The insistence by the Palestinian President Mahmoud Abbas that he will present a request for full UN membership for Palestine in its 1967 borders to Secretary General Ban Ki-moon at the General Assembly meeting later this week - although telegraphed months in advance - has sent shock waves through international relations, and Israeli and US domestic politics as well.
Mr Abbas could have announced that he had already submitted this letter and that it is a fait accompli. Instead, he gave world leaders another week to act. So far Israel, the United States, the European Union and the Middle East Quartet have provided him with virtually nothing he can present to the Palestinian public as a plausible alternative.
Renewed negotiations, a new framework for talks or a statement clearly outlining the contours of a two-state solution might have sufficed. None of these have been forthcoming, but the window of opportunity is still open.
There are genuine reasons of state for this Palestinian move, no matter how risky and even potentially disastrous it might prove.
Palestinians simply cannot live with a status quo involving continued occupation and expanding settlement with virtually no prospects of a serious resumption of bilateral talks with Israel. The negotiating process brokered by the United States looks incapable of overcoming the impasse between the two sides and the sense that something drastic is required to communicate the level of Palestinian desperation is widely shared.
There are also domestic political considerations. The secular, nationalist Palestinian leadership in Ramallah knows that if this deadlock continues indefinitely, at some point Palestinian society will conclude their strategy of achieving Palestinian independence through negotiations with Israel, diplomacy and institution-building has permanently failed. They will then look for an alternative, and an Islamist one is already ruling in Gaza.
But the potential damage to the Palestinian national interest and project can hardly be overstated. The Republican-controlled US House of Representatives has made its willingness to slash or even eliminate US aid, the single biggest external source of PA revenue, crystal clear.
Israel too has threatened unspecified "harsh measures" in response.
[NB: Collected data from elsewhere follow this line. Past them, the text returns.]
lemma interior_drawing_empty: "interior \<D> = {}"
proof -
  have "\<D> = \<Union>((\<lambda>v. {pos v}) ` UNIV \<union> (\<lambda>(u, v). curve u v) ` {(u, v). E u v})"
    unfolding drawing_eq by auto
  also have "interior \<dots> = {}"
    by (rule interior_Union_closed_empty)
       (auto simp: arc_image_interior_empty arc_edge arc_imp_path closed_path_image)
  finally show ?thesis .
qed

lemma face_open: "F \<in> \<F> \<Longrightarrow> open F"
  unfolding faces_def using open_components[of "- \<D>" F] compact_drawing
  by (simp add: open_Compl compact_imp_closed)

lemma face_connected: "F \<in> \<F> \<Longrightarrow> connected F"
  unfolding faces_def using in_components_connected by blast

lemma face_nonempty: "F \<in> \<F> \<Longrightarrow> F \<noteq> {}"
  unfolding faces_def using in_components_nonempty by blast

lemma face_disjoint_drawing: "F \<in> \<F> \<Longrightarrow> F \<inter> \<D> = {}"
  unfolding faces_def using in_components_subset by blast

lemma faces_eq: "F \<in> \<F> \<Longrightarrow> G \<in> \<F> \<Longrightarrow> F \<inter> G \<noteq> {} \<Longrightarrow> F = G"
  unfolding faces_def using components_eq by blast

lemma Union_faces: "\<Union>\<F> = - \<D>"
  unfolding faces_def by simp

lemma arc_two_edges:
  assumes "E u w" "E w v" "u \<noteq> v"
  shows "arc (\<gamma> u w +++ \<gamma> w v)" "pathstart (\<gamma> u w +++ \<gamma> w v) = pos u"
    and "pathfinish (\<gamma> u w +++ \<gamma> w v) = pos v"
    and "path_image (\<gamma> u w +++ \<gamma> w v) = curve u w \<union> curve w v"
proof -
  have "{u, w} \<noteq> {w, v}" using assms(3) by (auto simp: doubleton_eq_iff)
  then have "curve u w \<inter> curve w v \<subseteq> {pos w}" using curves_meet[OF assms(1,2)] assms(3) by auto
  then show "arc (\<gamma> u w +++ \<gamma> w v)"
    using assms by (intro arc_join) (auto simp: arc_edge pathstart_edge pathfinish_edge)
qed (use assms in \<open>simp_all add: path_image_join pathstart_edge pathfinish_edge\<close>)

lemma internally_disjoint_two_edge_paths:
  assumes "E u w1" "E w1 v" "E u w2" "E w2 v" "u \<noteq> v"
    and "w1 \<noteq> w2" "w1 \<notin> {u, v}" "w2 \<notin> {u, v}"
  shows "internally_disjoint_arcs (\<gamma> u w1 +++ \<gamma> w1 v) (\<gamma> u w2 +++ \<gamma> w2 v)"
proof -
  have "curve u w1 \<inter> curve u w2 \<subseteq> {pos u}" "curve u w1 \<inter> curve w2 v = {}"
    "curve w1 v \<inter> curve u w2 = {}" "curve w1 v \<inter> curve w2 v \<subseteq> {pos v}"
    using curves_meet[OF assms(1,3)] curves_meet[OF assms(1,4)] curves_meet[OF assms(2,3)]
      curves_meet[OF assms(2,4)] assms(5-8) by (auto simp: doubleton_eq_iff)
  then show ?thesis
    using arc_two_edges[OF assms(1,2,5)] arc_two_edges[OF assms(3,4,5)]
      pos_in_curve assms(1-4) unfolding internally_disjoint_arcs_def by auto
qed

lemma internally_disjoint_edge_and_path:
  assumes "E u w" "E w v" "E u v" "w \<notin> {u, v}"
  shows "internally_disjoint_arcs (\<gamma> u w +++ \<gamma> w v) (\<gamma> u v)"
proof -
  have uv: "u \<noteq> v" using assms(3) edge_irrefl by blast
  have "curve u v \<inter> curve u w \<subseteq> {pos u}" "curve u v \<inter> curve w v \<subseteq> {pos v}"
    using curves_meet[OF assms(3,1)] curves_meet[OF assms(3,2)] assms(4) uv
    by (auto simp: doubleton_eq_iff)
  then show ?thesis
    using arc_two_edges[OF assms(1,2) uv] arc_edge[OF assms(3)] pos_in_curve assms(1-3)
      pathstart_edge pathfinish_edge unfolding internally_disjoint_arcs_def by auto
qed

lemma face_triangle:
  assumes "F \<in> \<F>"
  obtains a b c where "E a b" "E b c" "E c a" "frontier F = curve a b \<union> curve b c \<union> curve c a"
  using triangular assms unfolding triangular_face_def by blast

lemma face_vertices_eq:
  assumes "E a b" "E b c" "E c a" "frontier F = curve a b \<union> curve b c \<union> curve c a"
  shows "face_vertices F = {a, b, c}"
  using assms vertex_on_curve pos_in_curve unfolding face_vertices_def by blast

lemma face_boundary_arcs:
  assumes "F \<in> \<F>"
  obtains c1 c2 where "internally_disjoint_arcs c1 c2"
    and "frontier F = path_image c1 \<union> path_image c2"
proof -
  obtain a b c where abc: "E a b" "E b c" "E c a" "frontier F = curve a b \<union> curve b c \<union> curve c a"
    using face_triangle[OF assms] .
  have "c \<notin> {a, b}" using abc(2,3) edge_irrefl by blast
  then have "internally_disjoint_arcs (\<gamma> a c +++ \<gamma> c b) (\<gamma> a b)"
    using abc(1-3) edge_sym by (intro internally_disjoint_edge_and_path) auto
  moreover have "frontier F = path_image (\<gamma> a c +++ \<gamma> c b) \<union> curve a b"
    using abc edge_sym curve_sym by (auto simp: path_image_join pathstart_edge pathfinish_edge)
  ultimately show thesis using that by blast
qed

lemma frontier_face_subset_drawing: "F \<in> \<F> \<Longrightarrow> frontier F \<subseteq> \<D>"
  by (metis face_triangle curve_subset_drawing Un_least)

lemma face_inside_or_outside:
  assumes F: "F \<in> \<F>"
  shows "F = inside (frontier F) \<or> F = outside (frontier F)"
proof -
  obtain c1 c2 where "internally_disjoint_arcs c1 c2" and fr: "frontier F = path_image c1 \<union> path_image c2"
    using face_boundary_arcs[OF F] .
  note J = Jordan_internally_disjoint_arcs[OF this(1), folded fr]
  have "F \<subseteq> inside (frontier F) \<union> outside (frontier F)"
    using J(7) face_disjoint_drawing[OF F] frontier_face_subset_drawing[OF F] by blast
  then have side: "F \<subseteq> inside (frontier F) \<or> F \<subseteq> outside (frontier F)"
    by (rule connected_subset_disjoint_open_Un[OF face_connected[OF F] J(2,4,6)])
  have grow: "S \<subseteq> F" if "F \<subseteq> S" "connected S" "S \<inter> frontier F = {}" for S
  proof (rule ccontr)
    assume "\<not> S \<subseteq> F"
    then have "S \<inter> frontier F \<noteq> {}"
      using connected_Int_frontier[OF that(2)] that(1) face_nonempty[OF F] by blast
    with that(3) show False by blast
  qed
  show ?thesis
    using side grow[OF _ J(3)] grow[OF _ J(5)] inside_no_overlap outside_no_overlap by blast
qed

lemma bounded_face_eq_inside:
  assumes "F \<in> \<F>" "bounded F"
  shows "F = inside (frontier F)"
proof -
  obtain c1 c2 where "internally_disjoint_arcs c1 c2" and "frontier F = path_image c1 \<union> path_image c2"
    using face_boundary_arcs[OF assms(1)] .
  then have "\<not> bounded (outside (frontier F))"
    using Jordan_internally_disjoint_arcs(10) by simp
  then show ?thesis using face_inside_or_outside[OF assms(1)] assms(2) by metis
qed

lemma finite_faces: "finite \<F>"
proof -
  let ?J = "\<lambda>(a, b, c). curve a b \<union> curve b c \<union> curve c a"
  have "\<F> \<subseteq> inside ` range ?J \<union> outside ` range ?J"
  proof
    fix F assume F: "F \<in> \<F>"
    obtain a b c where "frontier F = curve a b \<union> curve b c \<union> curve c a"
      using face_triangle[OF F] by metis
    then have "frontier F \<in> range ?J" by (intro range_eqI[of _ _ "(a, b, c)"]) simp
    then have "inside (frontier F) \<in> inside ` range ?J" "outside (frontier F) \<in> outside ` range ?J"
      by (rule imageI)+
    with face_inside_or_outside[OF F] show "F \<in> inside ` range ?J \<union> outside ` range ?J"
      by (elim disjE) simp_all
  qed
  then show ?thesis by (rule finite_subset) auto
qed

lemma curve_interior_point:
  assumes "E u v"
  obtains p where "p \<in> curve u v" "p \<notin> range pos"
proof -
  obtain p where p: "p \<in> curve u v - {pos u, pos v}"
    using nonempty_simple_path_endless[OF arc_imp_simple_path[OF arc_edge[OF assms]]]
    by (auto simp: pathstart_edge[OF assms] pathfinish_edge[OF assms])
  then have "p \<notin> range pos" using vertex_on_curve[OF assms] by blast
  with p that show thesis by blast
qed

lemma face_vertices_adjacent:
  assumes "F \<in> \<F>" "x \<in> face_vertices F" "y \<in> face_vertices F" "x \<noteq> y"
  shows "E x y"
proof -
  obtain a b c where "E a b" "E b c" "E c a" "frontier F = curve a b \<union> curve b c \<union> curve c a"
    using face_triangle[OF assms(1)] .
  then show ?thesis using face_vertices_eq assms(2-4) edge_sym by auto
qed

lemma edge_at_frontier_point:
  assumes F: "F \<in> \<F>" and uv: "E u v" and p: "p \<in> curve u v" "p \<notin> range pos" "p \<in> frontier F"
  shows "u \<in> face_vertices F \<and> v \<in> face_vertices F"
proof -
  obtain a b c where abc: "E a b" "E b c" "E c a" "frontier F = curve a b \<union> curve b c \<union> curve c a"
    using face_triangle[OF F] .
  have "{u, v} = {x, y}" if "E x y" "p \<in> curve x y" for x y
    using curves_meet[OF uv that(1)] p(1,2) that(2) by blast
  then have "{u, v} \<subseteq> {a, b, c}"
    using p(3) abc by (auto simp: doubleton_eq_iff)
  then show ?thesis using face_vertices_eq[OF abc] by blast
qed

lemma face_near_closure_point:
  assumes "open U" "p \<in> closure U"
  obtains F where "F \<in> \<F>" "F \<inter> U \<noteq> {}" "p \<in> closure F"
proof -
  have "U \<subseteq> closure (U \<inter> - \<D>)"
    using open_Int_closure_subset[OF assms(1), of "- \<D>"]
    by (simp add: closure_complement interior_drawing_empty)
  then have "p \<in> closure (U \<inter> - \<D>)"
    using assms(2) closure_minimal closed_closure by blast
  also have "U \<inter> - \<D> = \<Union>((\<lambda>F. U \<inter> F) ` \<F>)"
    using Union_faces by blast
  also have "closure \<dots> = \<Union>(closure ` (\<lambda>F. U \<inter> F) ` \<F>)"
    by (rule closure_Union_finite) (simp add: finite_faces)
  finally obtain F where "F \<in> \<F>" "p \<in> closure (U \<inter> F)" by blast
  moreover from this(2) have "U \<inter> F \<noteq> {}" "p \<in> closure F"
    using closure_mono[of "U \<inter> F" F] by auto
  ultimately show thesis using that by blast
qed

lemma closure_face_frontier: "F \<in> \<F> \<Longrightarrow> p \<in> closure F \<Longrightarrow> p \<in> \<D> \<Longrightarrow> p \<in> frontier F"
  using face_disjoint_drawing face_open by (auto simp: frontier_def interior_open)

lemma face_opposite_side:
  assumes "F \<in> \<F>"
  obtains U where "open U" "U \<inter> F = {}" "frontier U = frontier F"
proof -
  obtain c1 c2 where "internally_disjoint_arcs c1 c2" and fr: "frontier F = path_image c1 \<union> path_image c2"
    using face_boundary_arcs[OF assms] .
  note J = Jordan_internally_disjoint_arcs[OF this(1), folded fr]
  show thesis
  proof (cases "F = inside (frontier F)")
    case True
    then have "outside (frontier F) \<inter> F = {}" using J(6) by blast
    with J(4,9) show thesis using that by blast
  next
    case False
    then have "F = outside (frontier F)" using face_inside_or_outside[OF assms] by blast
    then have "inside (frontier F) \<inter> F = {}" using J(6) by blast
    with J(2,8) show thesis using that by blast
  qed
qed

lemma edge_in_two_faces:
  assumes uv: "E u v"
  obtains F G where "F \<in> \<F>" "G \<in> \<F>" "F \<noteq> G"
    and "u \<in> face_vertices F" "v \<in> face_vertices F" "u \<in> face_vertices G" "v \<in> face_vertices G"
proof -
  obtain p where p: "p \<in> curve u v" "p \<notin> range pos" using curve_interior_point[OF uv] .
  have pD: "p \<in> \<D>" using p curve_subset_drawing[OF uv] by blast
  obtain F where F: "F \<in> \<F>" "p \<in> closure F"
    using face_near_closure_point[of UNIV p] by auto
  have pF: "p \<in> frontier F" using closure_face_frontier F pD by blast
  obtain U where U: "open U" "U \<inter> F = {}" "frontier U = frontier F"
    using face_opposite_side[OF F(1)] .
  have "p \<in> closure U" using U(3) pF by (metis frontier_def Diff_iff)
  then obtain G where G: "G \<in> \<F>" "G \<inter> U \<noteq> {}" "p \<in> closure G"
    using face_near_closure_point[OF U(1)] by blast
  have "F \<noteq> G" using G(2) U(2) by blast
  moreover have "p \<in> frontier G" using closure_face_frontier G pD by blast
  ultimately show thesis
    using that edge_at_frontier_point[OF F(1) uv p pF] edge_at_frontier_point[OF G(1) uv p] F(1) G(1)
    by blast
qed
If the Palestinians are gambling that the US and Israel will ultimately conclude they need the Palestinian Authority as much as it needs their cooperation, they may be in for a nasty surprise.
As Mr Abbas himself has repeatedly acknowledged, a negotiated agreement is the only choice for the creation of a Palestinian state. And there is no alternative broker other than the United States. A crisis in relations with the Americans by provoking a veto in the Security Council is unlikely to enhance the prospects for genuine, rather than virtual, Palestinian statehood.
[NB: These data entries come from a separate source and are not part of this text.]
(* Assume Condition (T) (see context). Let $i\le d$ and suppose $\alpha_i>\widetilde\alpha_i=\alpha_{j_0}$ for some $j_0$ with $i\vartriangleleft j_0$. For $s\in\mathbb N$ set $u_i(s)=\mathbb E\,\pi_{ij_0}(s)^{\alpha_{j_0}}$. Then the limit $u_i=\lim_{s\to\infty}u_i(s)$ exists, and $0<u_i<\infty$.
   Context: $(\mathbf A_t)_{t\in\mathbb Z}$ is an i.i.d. sequence of copies of a random $d\times d$ matrix $\mathbf A$, entries $A_{ij,t}$, jointly with random vectors $\mathbf B_t$ forming i.i.d. copies of $(\mathbf A,\mathbf B)$. Condition (T): (T-1) $\mathbf A\ge 0$, $\mathbf B\ge 0$ entrywise a.s.; (T-2) $\mathbb P(B_i=0)<1$; (T-3) $\mathbb P(A_{ij}=0)=1$ whenever $i>j$; (T-4) there exist $\alpha_1,\dots,\alpha_d>0$, pairwise distinct, with $\mathbb E A_{ii}^{\alpha_i}=1$; (T-5) $\mathbb E A_{ij}^{\alpha_i}<\infty$; (T-6) $\mathbb E B_i^{\alpha_i}<\infty$; (T-7) $\mathbb E[A_{ii}^{\alpha_i}\log^+A_{ii}]<\infty$; (T-8) the law of $\log A_{ii}$ given $\{A_{ii}>0\}$ is non-arithmetic. Relations: $i\preccurlyeq j$ if $\mathbb P(A_{ij}>0)>0$; $i\trianglelefteq j$ if there is a chain $i=i(0)\preccurlyeq\dots\preccurlyeq i(m)=j$ ($m\ge0$); $i\vartriangleleft j$ if $i\trianglelefteq j$, $i\ne j$; $\widetilde\alpha_i=\min\{\alpha_j:i\trianglelefteq j\}$. $\pi_{ij}(s)$ denotes the $(i,j)$ entry of the product $\mathbf A_0\mathbf A_{-1}\cdots\mathbf A_{-s+1}$. *)

theory Defs
  imports "HOL-Probability.Probability"
begin

text \<open>Random matrices are modelled as A t \<omega> i j (entry (i,j) of A_t at outcome \<omega>),
  random vectors as B t \<omega> i, with indices i, j ranging over {1..d}.\<close>

definition coord_idx :: "nat \<Rightarrow> ((nat \<times> nat) + nat) set" where
  "coord_idx d = Inl ` ({1..d} \<times> {1..d}) \<union> Inr ` {1..d}"

definition AB_vec ::
  "nat \<Rightarrow> (int \<Rightarrow> 'a \<Rightarrow> nat \<Rightarrow> nat \<Rightarrow> real) \<Rightarrow> (int \<Rightarrow> 'a \<Rightarrow> nat \<Rightarrow> real)
     \<Rightarrow> int \<Rightarrow> 'a \<Rightarrow> ((nat \<times> nat) + nat) \<Rightarrow> real" where
  "AB_vec d A B t \<omega> = (\<lambda>k\<in>coord_idx d. case k of Inl (i, j) \<Rightarrow> A t \<omega> i j | Inr i \<Rightarrow> B t \<omega> i)"

definition AB_space :: "nat \<Rightarrow> (((nat \<times> nat) + nat) \<Rightarrow> real) measure" where
  "AB_space d = PiM (coord_idx d) (\<lambda>_. borel)"

definition iid_AB ::
  "'a measure \<Rightarrow> nat \<Rightarrow> (int \<Rightarrow> 'a \<Rightarrow> nat \<Rightarrow> nat \<Rightarrow> real) \<Rightarrow> (int \<Rightarrow> 'a \<Rightarrow> nat \<Rightarrow> real) \<Rightarrow> bool" where
  "iid_AB M d A B \<longleftrightarrow>
     prob_space.indep_vars M (\<lambda>_. AB_space d) (AB_vec d A B) UNIV \<and>
     (\<forall>t. distr M (AB_space d) (AB_vec d A B t) = distr M (AB_space d) (AB_vec d A B 0))"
If Palestinians are confident that Arab states will make up any shortfall from a cut in western aid or Israel withholding Palestinian tax revenues, they may face another serious disappointment. In The New York Times, Saudi Arabia's Prince Turki Al Faisal said that his country had "earmarked $2.5 billion [Dh9.2 billion]" for the Palestinians since 2009. That may be true, but no such figure has actually been delivered. Palestinians can expect generous pledges from Arab states, but must doubt the extent to which they will be fulfilled. And aid, if it is provided, would certainly come with significant political strings attached.
The United States and Israel are plainly not going to provide the Palestinians with any real alternative. The European Union, however- which collectively gives more than twice what the US does to the PA annually - finds itself uncomfortably divided among three camps: those inclined to support, those which oppose and those that are ambivalent about the Palestinian UN bid.
In its own interests, the EU has been working to find an alternative formula in the General Assembly that it can unite behind and also provide Palestinians with a significant upgrade in status. The major stumbling block has been that upgrading Palestine to a non-member observer state in the UN might give it access to the International Criminal Court and other forums in which it could pursue charges against Israel, which is unacceptable to some key European powers.
There has even been serious consideration of creating a new legal status for Palestine that would make it a non-member state, or something extremely close, but without access to these international legal enforcement bodies. The Middle East Quartet has also been working on a compromise to avoid a universally damaging confrontation.
It is still possible for Palestinians to make both their point and advance their international status without a crisis in relations with both the United States and much of Europe. Moreover a Palestinian bid for full membership could be bogged down in the UN apparatus for months or even indefinitely. A reasonable compromise is in everyone's interests.
Most important is the day-after scenario that will follow whatever takes place at the UN this week. The worst thing that Israel, the US Congress and others could do is cut funding to the PA, leaving Palestinians on the ground tangibly worse off than they were before.
Frustration and despair could provoke an outburst of anger and even violence, turning a difficult diplomatic mess into an unmanageable political and security nightmare for Israel and the PA alike.
Any such move designed to "punish" the Palestinians is also likely to backfire on Israel and the United States. Cooler heads should prevail at the UN, but what is more important is to prevent an irrational overreaction that takes a bad situation and makes it potentially catastrophic.